- [What is being asked]: Go through the data below and return each line where the string "rule" occurs.

::: Data for review :::

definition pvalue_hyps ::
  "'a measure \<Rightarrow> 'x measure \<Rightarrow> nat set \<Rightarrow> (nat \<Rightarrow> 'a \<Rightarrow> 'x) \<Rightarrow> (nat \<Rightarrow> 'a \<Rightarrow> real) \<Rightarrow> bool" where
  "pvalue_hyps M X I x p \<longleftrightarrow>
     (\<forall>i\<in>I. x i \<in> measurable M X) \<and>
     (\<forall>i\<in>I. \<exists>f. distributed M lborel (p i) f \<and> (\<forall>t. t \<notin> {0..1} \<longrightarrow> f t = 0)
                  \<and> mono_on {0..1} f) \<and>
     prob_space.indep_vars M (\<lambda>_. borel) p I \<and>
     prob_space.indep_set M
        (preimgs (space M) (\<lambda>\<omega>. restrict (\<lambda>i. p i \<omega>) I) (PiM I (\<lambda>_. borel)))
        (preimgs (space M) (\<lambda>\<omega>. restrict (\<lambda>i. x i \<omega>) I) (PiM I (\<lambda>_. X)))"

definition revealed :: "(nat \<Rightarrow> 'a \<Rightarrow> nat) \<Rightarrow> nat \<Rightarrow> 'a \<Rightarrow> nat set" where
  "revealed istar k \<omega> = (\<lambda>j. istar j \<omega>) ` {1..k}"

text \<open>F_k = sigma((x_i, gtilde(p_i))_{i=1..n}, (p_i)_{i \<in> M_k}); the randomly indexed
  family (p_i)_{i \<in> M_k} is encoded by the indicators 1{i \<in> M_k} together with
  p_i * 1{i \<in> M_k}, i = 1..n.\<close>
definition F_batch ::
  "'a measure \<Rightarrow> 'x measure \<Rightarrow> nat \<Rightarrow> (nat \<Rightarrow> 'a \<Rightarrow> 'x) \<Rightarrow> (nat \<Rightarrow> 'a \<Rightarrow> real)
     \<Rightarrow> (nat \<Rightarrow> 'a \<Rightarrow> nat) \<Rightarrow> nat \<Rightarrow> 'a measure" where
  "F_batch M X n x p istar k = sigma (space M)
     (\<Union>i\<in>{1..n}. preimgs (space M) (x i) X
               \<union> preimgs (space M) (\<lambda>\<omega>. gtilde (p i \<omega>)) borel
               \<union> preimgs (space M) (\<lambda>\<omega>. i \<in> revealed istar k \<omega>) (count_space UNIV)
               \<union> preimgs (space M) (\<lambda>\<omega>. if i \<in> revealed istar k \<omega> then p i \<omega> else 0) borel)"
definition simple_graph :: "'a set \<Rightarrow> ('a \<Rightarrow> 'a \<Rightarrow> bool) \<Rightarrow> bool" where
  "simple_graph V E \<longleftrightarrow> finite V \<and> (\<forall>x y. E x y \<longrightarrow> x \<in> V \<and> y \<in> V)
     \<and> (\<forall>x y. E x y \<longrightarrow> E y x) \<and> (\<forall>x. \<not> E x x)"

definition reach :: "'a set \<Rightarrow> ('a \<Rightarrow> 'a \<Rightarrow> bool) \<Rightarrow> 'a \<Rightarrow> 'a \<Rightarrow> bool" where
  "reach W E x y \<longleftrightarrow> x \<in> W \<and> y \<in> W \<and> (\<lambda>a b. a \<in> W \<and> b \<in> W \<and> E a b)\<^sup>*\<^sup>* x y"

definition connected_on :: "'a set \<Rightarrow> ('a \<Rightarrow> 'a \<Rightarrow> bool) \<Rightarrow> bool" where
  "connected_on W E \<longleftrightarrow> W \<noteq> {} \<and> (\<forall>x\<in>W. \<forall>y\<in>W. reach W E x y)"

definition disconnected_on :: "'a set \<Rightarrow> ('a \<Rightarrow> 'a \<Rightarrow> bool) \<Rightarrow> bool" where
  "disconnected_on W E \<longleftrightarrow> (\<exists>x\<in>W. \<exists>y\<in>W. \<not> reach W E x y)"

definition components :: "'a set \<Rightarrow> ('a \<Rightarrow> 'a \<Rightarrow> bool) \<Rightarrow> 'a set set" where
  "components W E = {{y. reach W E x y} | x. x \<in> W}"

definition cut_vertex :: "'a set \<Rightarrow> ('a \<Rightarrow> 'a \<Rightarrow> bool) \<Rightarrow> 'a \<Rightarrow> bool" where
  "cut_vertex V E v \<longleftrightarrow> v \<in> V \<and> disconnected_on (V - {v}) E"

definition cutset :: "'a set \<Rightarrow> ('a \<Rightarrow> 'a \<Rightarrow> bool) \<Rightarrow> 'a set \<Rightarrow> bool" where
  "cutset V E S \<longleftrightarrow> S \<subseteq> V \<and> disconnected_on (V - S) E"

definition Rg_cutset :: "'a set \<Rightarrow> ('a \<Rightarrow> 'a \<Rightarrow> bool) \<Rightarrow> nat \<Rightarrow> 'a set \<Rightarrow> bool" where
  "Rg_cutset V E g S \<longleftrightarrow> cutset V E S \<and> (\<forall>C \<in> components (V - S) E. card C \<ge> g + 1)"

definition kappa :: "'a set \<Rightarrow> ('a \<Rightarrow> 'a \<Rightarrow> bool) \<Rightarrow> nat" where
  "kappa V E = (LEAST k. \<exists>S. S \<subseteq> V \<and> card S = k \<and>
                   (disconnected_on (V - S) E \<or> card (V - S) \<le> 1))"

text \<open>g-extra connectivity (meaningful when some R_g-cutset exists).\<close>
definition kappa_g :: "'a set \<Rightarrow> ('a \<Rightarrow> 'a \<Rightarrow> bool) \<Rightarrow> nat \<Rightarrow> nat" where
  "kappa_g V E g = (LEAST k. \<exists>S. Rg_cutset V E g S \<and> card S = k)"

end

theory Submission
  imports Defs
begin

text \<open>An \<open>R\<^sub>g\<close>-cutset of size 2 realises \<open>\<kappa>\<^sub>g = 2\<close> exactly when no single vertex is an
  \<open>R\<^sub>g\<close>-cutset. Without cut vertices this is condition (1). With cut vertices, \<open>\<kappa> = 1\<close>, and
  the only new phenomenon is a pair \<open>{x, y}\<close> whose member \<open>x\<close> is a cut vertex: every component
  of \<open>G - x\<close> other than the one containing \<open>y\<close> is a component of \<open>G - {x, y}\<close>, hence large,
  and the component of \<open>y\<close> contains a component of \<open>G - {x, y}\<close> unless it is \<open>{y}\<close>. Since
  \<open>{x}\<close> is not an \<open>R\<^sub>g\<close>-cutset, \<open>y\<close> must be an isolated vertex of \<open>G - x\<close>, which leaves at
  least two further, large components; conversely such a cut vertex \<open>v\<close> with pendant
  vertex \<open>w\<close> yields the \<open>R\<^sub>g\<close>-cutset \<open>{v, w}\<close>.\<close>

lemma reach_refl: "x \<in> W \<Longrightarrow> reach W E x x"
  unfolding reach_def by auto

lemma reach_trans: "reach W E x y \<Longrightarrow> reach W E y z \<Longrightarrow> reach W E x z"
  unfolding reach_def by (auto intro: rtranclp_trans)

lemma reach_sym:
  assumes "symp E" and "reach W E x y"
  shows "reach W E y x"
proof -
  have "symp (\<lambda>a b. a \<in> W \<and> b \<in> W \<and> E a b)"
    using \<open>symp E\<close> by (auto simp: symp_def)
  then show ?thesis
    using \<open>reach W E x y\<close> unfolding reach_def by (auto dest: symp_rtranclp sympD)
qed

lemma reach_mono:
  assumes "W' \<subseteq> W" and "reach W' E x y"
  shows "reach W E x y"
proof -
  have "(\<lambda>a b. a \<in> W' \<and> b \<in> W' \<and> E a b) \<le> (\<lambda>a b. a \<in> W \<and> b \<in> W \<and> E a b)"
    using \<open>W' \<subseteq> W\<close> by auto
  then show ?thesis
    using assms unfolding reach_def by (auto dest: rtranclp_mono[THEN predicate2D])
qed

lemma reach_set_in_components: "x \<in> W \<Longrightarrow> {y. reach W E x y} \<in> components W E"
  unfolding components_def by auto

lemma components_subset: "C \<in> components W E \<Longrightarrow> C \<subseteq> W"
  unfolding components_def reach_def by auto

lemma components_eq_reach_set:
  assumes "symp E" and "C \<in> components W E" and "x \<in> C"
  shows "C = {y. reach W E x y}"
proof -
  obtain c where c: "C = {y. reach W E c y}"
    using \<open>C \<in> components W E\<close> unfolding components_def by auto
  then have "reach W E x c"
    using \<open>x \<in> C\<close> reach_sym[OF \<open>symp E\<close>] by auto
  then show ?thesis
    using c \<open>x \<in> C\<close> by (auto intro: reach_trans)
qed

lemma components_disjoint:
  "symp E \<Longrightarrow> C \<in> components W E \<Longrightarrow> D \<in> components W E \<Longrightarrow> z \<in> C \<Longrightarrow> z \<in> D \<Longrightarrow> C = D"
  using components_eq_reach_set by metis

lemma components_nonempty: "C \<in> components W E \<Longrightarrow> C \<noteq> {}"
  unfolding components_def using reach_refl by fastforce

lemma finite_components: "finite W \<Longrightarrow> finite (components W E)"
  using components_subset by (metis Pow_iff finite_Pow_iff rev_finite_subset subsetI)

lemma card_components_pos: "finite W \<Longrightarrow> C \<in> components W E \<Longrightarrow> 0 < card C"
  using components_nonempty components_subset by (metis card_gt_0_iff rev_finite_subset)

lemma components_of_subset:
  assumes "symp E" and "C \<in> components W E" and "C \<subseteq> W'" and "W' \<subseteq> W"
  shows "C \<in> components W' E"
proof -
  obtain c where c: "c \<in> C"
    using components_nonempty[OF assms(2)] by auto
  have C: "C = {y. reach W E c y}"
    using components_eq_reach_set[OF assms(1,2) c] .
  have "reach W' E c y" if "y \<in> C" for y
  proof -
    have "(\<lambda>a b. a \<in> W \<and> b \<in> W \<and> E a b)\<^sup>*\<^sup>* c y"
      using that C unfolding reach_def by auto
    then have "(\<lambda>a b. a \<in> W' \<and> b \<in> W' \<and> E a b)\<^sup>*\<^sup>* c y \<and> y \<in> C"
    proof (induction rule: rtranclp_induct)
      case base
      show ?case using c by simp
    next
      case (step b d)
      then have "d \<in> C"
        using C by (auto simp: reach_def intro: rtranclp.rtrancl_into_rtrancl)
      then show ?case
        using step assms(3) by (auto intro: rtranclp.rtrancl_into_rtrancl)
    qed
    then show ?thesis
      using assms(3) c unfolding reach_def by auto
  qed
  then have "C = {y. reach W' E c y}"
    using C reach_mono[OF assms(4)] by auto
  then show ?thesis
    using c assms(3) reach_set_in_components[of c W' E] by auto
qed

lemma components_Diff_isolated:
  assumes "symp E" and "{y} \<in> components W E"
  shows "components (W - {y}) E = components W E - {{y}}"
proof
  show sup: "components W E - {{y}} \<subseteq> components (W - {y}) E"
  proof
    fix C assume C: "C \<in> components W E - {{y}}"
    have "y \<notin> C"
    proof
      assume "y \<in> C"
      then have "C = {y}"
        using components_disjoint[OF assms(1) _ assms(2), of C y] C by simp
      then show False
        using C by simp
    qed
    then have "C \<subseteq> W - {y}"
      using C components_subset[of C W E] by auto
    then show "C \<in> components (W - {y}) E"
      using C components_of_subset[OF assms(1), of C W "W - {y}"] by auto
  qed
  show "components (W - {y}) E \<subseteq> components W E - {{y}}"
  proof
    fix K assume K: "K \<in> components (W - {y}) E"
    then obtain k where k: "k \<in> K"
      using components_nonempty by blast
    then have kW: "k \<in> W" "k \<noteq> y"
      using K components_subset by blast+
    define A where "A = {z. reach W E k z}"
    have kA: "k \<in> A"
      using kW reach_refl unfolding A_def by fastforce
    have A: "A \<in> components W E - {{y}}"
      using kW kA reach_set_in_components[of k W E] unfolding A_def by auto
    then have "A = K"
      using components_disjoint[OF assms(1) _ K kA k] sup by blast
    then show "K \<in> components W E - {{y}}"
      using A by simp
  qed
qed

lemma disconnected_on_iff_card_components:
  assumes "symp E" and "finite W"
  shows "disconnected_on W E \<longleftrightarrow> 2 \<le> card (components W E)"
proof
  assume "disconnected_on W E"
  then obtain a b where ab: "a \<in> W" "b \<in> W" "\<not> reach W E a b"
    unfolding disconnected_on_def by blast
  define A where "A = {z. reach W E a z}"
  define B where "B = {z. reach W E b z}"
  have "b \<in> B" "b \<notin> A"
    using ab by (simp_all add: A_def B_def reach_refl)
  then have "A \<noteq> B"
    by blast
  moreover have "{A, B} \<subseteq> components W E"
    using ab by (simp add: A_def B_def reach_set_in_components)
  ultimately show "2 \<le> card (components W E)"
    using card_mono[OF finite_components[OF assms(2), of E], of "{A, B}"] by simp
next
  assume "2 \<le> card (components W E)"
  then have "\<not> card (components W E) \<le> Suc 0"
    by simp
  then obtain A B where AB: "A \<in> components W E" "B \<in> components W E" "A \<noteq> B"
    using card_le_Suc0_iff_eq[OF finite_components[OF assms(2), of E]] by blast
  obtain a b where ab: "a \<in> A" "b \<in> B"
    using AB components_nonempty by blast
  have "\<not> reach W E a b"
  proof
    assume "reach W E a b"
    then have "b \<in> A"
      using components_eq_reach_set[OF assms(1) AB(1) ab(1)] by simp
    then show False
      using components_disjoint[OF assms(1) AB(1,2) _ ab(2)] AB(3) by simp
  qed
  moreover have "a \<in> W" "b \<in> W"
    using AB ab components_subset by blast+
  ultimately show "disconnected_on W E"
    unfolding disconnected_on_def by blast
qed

:::
::: Data for review :::

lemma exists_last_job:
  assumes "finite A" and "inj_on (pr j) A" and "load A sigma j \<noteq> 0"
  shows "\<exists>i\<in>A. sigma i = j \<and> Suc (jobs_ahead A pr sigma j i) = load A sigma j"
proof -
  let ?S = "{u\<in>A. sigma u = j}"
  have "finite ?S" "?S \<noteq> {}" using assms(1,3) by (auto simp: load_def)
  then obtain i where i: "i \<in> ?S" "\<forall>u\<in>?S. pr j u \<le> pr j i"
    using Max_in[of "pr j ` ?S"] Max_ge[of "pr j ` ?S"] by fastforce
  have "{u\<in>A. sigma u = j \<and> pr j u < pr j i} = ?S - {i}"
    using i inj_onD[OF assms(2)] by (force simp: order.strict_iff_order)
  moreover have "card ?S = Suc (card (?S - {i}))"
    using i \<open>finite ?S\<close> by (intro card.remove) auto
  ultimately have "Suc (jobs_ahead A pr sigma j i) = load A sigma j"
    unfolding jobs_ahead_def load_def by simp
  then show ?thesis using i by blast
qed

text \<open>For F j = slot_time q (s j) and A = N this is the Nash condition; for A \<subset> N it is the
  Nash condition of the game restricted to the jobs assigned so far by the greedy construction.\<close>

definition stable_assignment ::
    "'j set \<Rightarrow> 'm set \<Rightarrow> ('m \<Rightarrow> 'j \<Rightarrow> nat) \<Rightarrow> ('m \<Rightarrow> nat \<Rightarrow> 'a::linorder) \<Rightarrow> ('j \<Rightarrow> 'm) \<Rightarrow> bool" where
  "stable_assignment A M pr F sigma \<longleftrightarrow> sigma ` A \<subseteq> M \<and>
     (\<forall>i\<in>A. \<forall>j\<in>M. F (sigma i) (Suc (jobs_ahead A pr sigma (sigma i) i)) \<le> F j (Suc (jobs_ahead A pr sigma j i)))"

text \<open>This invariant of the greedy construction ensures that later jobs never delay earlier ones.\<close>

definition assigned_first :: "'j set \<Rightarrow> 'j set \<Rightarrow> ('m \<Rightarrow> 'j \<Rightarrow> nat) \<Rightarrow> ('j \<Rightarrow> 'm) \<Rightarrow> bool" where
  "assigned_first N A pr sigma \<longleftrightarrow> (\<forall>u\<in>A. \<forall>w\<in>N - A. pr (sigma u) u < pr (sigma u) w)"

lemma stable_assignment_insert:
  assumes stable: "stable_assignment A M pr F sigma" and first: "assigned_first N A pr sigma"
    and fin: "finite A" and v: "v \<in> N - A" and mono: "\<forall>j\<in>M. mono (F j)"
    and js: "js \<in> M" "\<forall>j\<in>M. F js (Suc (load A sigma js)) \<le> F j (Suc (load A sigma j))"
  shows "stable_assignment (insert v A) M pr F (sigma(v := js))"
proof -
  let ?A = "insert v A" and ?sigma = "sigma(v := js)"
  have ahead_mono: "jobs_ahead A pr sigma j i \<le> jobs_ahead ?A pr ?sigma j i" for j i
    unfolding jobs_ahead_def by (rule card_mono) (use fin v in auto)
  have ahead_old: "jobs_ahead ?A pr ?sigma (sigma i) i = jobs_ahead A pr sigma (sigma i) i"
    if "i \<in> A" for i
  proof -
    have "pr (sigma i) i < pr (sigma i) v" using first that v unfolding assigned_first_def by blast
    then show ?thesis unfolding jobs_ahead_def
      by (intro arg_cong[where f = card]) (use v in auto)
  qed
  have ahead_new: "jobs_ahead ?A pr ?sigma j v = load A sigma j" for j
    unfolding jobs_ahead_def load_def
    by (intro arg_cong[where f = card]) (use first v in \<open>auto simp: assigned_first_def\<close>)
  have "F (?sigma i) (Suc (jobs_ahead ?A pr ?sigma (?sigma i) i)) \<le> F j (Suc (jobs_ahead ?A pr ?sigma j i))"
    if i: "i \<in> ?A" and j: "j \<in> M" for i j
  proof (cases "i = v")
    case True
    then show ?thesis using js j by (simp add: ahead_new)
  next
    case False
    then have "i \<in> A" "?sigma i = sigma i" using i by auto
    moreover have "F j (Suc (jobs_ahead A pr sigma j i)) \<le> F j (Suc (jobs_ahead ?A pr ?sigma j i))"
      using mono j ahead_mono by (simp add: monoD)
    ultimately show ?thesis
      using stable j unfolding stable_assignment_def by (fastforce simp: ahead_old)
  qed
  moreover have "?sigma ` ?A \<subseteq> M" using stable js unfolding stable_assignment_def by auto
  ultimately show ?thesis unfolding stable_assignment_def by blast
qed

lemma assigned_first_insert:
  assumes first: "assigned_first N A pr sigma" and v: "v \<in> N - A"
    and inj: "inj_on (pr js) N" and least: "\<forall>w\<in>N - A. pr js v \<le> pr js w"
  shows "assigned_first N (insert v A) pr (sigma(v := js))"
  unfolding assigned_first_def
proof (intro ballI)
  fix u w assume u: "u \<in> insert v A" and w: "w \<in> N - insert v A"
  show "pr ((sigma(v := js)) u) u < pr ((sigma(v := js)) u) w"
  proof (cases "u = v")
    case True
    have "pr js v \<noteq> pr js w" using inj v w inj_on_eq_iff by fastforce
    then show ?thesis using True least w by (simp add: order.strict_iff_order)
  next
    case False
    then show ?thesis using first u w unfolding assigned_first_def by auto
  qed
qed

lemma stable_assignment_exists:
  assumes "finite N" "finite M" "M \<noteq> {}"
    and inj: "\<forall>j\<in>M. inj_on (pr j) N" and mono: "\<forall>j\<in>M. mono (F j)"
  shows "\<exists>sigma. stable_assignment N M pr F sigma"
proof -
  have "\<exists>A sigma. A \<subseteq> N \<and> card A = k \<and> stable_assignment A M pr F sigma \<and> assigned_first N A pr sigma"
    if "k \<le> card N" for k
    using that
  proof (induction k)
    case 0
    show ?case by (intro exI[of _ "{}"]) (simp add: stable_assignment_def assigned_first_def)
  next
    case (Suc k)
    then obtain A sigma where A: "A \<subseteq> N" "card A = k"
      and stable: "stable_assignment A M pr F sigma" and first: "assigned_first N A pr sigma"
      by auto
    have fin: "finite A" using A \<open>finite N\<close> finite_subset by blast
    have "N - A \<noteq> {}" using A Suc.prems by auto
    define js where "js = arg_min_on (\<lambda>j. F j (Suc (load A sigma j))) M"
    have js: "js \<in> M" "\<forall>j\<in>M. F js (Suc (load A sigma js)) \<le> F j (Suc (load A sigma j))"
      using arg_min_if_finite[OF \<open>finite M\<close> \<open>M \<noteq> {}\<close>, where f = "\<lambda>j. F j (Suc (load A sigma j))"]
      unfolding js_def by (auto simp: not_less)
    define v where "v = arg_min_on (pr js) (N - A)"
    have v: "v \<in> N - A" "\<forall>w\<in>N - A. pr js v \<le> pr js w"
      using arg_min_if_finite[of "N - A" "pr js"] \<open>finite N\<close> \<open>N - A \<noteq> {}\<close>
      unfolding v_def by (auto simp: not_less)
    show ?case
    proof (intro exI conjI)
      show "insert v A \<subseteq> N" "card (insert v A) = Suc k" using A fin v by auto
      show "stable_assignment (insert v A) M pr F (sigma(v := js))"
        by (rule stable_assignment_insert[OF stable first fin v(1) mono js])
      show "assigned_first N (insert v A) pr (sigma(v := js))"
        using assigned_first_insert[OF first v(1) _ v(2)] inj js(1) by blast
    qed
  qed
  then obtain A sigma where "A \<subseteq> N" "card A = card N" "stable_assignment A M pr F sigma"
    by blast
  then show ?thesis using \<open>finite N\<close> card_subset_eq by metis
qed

:::

- [Task response]:
    proof (induction rule: rtranclp_induct)
    unfolding jobs_ahead_def by (rule card_mono) (use fin v in auto)
        by (rule stable_assignment_insert[OF stable first fin v(1) mono js])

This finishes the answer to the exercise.